■ Task goal ■
If a line in the data below contains "from", copy it.

Dataset entries
==================================================
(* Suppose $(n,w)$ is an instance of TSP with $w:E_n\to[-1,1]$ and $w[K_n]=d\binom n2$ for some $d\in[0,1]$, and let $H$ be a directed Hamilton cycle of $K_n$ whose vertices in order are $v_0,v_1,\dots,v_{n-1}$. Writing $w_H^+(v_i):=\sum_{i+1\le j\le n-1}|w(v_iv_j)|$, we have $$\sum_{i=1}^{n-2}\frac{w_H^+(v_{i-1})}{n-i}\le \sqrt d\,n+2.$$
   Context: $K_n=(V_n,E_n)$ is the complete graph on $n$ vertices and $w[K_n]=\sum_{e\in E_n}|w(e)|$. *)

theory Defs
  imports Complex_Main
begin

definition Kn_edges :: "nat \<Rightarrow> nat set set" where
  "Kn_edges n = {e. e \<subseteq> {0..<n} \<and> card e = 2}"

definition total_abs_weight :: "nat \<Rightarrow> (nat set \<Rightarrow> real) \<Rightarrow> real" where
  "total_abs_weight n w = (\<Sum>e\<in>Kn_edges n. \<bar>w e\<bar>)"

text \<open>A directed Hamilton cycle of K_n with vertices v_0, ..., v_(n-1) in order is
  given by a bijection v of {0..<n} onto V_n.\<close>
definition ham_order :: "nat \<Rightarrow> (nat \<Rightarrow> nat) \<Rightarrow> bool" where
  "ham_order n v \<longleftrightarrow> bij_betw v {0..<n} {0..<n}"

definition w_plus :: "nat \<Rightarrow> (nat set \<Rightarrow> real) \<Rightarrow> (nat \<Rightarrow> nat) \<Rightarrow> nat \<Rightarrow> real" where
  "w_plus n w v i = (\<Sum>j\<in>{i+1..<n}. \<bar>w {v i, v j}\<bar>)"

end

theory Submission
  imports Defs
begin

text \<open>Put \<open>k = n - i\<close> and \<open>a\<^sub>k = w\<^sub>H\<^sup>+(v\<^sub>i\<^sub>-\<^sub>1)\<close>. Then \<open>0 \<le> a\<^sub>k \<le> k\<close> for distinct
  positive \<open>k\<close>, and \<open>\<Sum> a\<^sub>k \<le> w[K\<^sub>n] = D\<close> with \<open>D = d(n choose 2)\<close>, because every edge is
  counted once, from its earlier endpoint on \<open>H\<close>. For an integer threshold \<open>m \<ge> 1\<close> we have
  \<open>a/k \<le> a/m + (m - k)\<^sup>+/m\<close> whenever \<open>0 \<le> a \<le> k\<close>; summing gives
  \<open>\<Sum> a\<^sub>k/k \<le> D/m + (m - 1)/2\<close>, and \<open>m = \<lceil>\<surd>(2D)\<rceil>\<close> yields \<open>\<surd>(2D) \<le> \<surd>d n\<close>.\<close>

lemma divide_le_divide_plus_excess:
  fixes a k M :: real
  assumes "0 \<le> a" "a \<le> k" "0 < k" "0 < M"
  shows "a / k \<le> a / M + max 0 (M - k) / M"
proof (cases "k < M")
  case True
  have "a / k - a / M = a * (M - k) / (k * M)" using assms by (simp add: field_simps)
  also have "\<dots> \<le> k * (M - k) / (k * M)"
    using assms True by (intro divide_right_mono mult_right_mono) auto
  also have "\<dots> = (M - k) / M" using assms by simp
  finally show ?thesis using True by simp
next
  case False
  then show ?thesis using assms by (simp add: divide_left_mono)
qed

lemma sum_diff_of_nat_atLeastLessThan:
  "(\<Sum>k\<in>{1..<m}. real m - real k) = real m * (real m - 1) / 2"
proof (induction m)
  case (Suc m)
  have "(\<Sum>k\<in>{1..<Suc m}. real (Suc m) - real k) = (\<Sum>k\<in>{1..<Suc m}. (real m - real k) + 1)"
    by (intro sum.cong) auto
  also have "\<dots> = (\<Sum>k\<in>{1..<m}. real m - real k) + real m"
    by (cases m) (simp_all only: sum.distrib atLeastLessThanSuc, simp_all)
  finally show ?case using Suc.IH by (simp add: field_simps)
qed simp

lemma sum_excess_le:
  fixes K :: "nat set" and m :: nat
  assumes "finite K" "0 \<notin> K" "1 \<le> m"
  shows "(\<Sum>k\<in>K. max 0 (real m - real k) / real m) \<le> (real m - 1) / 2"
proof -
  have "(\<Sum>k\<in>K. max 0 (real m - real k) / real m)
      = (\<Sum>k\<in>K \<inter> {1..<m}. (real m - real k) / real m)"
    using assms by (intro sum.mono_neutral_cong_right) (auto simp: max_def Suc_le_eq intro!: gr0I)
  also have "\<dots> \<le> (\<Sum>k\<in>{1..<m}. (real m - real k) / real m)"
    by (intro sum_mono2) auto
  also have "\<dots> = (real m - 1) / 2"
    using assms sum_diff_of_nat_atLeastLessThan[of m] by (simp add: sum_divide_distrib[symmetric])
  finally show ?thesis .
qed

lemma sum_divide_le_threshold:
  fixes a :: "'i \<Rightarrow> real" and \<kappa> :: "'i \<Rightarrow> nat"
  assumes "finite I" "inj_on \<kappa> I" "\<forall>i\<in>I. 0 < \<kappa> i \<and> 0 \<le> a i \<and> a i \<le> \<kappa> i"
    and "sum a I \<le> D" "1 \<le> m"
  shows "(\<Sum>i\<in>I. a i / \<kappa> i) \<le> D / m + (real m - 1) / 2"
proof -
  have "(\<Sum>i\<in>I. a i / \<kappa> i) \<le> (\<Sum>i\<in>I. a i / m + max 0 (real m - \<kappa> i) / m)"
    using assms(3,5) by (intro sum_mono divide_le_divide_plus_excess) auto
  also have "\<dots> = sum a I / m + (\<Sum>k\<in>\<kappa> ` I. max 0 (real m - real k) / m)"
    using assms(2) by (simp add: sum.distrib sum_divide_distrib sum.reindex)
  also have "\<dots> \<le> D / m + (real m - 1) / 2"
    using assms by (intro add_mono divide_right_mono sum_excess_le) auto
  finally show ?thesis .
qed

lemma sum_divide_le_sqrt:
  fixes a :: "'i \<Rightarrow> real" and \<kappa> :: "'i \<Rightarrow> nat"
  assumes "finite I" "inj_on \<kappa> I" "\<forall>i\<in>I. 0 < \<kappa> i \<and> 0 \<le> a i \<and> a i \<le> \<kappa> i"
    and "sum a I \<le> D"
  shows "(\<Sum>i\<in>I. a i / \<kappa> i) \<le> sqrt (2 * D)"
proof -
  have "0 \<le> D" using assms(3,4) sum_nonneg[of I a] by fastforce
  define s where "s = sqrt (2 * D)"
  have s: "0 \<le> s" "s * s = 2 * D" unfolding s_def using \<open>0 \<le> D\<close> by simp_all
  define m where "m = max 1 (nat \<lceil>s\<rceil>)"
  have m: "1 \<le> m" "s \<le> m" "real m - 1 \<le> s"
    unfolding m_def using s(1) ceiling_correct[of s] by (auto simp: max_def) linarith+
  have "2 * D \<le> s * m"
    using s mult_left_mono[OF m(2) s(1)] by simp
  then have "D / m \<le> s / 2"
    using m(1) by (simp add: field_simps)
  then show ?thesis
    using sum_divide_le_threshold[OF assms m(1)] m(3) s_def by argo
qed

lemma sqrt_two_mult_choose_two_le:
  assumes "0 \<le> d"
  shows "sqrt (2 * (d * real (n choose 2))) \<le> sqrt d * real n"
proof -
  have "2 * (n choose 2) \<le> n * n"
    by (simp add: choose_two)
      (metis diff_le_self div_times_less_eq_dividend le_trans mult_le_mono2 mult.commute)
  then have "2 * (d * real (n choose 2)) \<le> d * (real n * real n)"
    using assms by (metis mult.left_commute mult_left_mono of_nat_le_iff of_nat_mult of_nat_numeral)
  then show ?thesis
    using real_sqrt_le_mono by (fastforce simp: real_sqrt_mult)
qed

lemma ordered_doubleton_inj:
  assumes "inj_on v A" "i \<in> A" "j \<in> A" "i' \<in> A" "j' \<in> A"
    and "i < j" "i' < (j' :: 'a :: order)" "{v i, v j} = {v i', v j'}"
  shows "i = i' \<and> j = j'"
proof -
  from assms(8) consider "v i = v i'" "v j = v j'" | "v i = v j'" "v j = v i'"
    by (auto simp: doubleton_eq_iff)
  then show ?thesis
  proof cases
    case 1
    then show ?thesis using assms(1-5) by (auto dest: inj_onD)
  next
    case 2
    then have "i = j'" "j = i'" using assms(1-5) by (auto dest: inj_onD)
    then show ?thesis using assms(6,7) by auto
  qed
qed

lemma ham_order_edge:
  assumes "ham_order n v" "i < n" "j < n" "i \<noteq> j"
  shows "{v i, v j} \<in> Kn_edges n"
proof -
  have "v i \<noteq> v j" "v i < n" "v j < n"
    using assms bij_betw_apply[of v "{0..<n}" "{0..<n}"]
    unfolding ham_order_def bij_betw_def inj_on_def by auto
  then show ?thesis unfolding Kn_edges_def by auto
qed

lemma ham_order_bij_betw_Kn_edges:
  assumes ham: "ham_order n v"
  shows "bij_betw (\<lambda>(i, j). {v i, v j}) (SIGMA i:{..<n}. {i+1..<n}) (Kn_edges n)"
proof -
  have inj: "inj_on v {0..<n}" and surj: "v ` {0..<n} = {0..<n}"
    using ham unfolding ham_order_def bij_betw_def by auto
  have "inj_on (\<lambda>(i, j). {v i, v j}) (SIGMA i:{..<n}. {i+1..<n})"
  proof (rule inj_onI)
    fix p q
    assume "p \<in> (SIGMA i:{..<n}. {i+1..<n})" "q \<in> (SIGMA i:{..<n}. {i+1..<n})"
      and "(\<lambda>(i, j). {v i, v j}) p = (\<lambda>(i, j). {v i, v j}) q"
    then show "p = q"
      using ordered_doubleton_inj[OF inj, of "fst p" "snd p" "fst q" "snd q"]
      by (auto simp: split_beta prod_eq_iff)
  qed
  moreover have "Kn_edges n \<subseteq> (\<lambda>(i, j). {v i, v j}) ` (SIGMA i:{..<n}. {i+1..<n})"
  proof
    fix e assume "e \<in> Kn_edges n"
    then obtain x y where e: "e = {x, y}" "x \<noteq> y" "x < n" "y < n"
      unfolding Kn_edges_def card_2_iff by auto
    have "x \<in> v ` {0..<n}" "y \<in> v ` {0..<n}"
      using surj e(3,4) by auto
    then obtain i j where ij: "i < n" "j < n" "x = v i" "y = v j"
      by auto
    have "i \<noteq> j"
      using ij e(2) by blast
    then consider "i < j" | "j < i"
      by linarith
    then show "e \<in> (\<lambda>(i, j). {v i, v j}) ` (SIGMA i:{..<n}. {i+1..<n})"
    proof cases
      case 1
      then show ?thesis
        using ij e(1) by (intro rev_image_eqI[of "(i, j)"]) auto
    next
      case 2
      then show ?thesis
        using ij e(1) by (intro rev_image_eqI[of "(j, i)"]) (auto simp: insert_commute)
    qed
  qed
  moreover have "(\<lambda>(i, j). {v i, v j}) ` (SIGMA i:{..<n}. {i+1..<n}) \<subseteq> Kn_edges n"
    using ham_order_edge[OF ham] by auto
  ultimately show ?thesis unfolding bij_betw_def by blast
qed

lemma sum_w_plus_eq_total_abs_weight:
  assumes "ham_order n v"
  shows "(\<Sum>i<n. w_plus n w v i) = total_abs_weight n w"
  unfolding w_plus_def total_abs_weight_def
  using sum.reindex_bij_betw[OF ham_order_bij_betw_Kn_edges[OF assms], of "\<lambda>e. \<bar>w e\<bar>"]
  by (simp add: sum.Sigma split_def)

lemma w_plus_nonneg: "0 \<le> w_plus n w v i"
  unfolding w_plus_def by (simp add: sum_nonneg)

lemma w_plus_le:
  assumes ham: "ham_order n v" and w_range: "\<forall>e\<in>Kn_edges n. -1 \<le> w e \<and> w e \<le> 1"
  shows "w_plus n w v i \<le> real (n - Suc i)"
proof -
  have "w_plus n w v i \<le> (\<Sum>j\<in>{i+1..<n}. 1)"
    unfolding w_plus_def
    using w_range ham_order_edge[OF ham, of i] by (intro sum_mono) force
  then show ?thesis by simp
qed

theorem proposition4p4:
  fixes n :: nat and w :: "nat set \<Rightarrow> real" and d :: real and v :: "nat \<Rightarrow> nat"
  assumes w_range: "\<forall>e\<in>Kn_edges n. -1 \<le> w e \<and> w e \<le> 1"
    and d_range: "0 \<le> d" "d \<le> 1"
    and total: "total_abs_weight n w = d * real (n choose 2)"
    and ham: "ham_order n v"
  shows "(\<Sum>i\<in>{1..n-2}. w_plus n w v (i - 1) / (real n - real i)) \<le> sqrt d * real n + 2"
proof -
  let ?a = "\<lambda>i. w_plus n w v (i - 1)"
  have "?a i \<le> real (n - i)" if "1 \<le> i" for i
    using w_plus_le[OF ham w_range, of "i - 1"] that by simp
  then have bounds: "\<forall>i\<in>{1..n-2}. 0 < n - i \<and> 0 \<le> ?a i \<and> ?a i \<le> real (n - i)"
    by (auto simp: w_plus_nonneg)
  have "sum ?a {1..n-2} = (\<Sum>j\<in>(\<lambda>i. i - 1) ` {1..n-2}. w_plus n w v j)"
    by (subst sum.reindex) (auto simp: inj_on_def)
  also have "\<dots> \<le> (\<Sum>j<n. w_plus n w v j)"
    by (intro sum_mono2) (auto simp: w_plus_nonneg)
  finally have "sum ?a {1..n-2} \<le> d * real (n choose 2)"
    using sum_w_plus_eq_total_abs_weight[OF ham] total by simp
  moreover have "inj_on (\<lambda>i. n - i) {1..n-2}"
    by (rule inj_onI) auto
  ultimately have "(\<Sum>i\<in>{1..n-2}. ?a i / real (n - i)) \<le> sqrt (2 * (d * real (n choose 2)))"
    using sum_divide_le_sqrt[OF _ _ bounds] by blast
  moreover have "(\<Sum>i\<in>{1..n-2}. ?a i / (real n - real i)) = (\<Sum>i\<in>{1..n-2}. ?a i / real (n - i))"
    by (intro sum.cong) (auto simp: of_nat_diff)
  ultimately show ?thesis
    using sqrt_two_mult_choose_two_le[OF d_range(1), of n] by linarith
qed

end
==================================================
■ Result below ■
  counted once, from its earlier endpoint on \<open>H\<close>. For an integer threshold \<open>m \<ge> 1\<close> we have
  from assms(8) consider "v i = v i'" "v j = v j'" | "v i = v j'" "v j = v i'"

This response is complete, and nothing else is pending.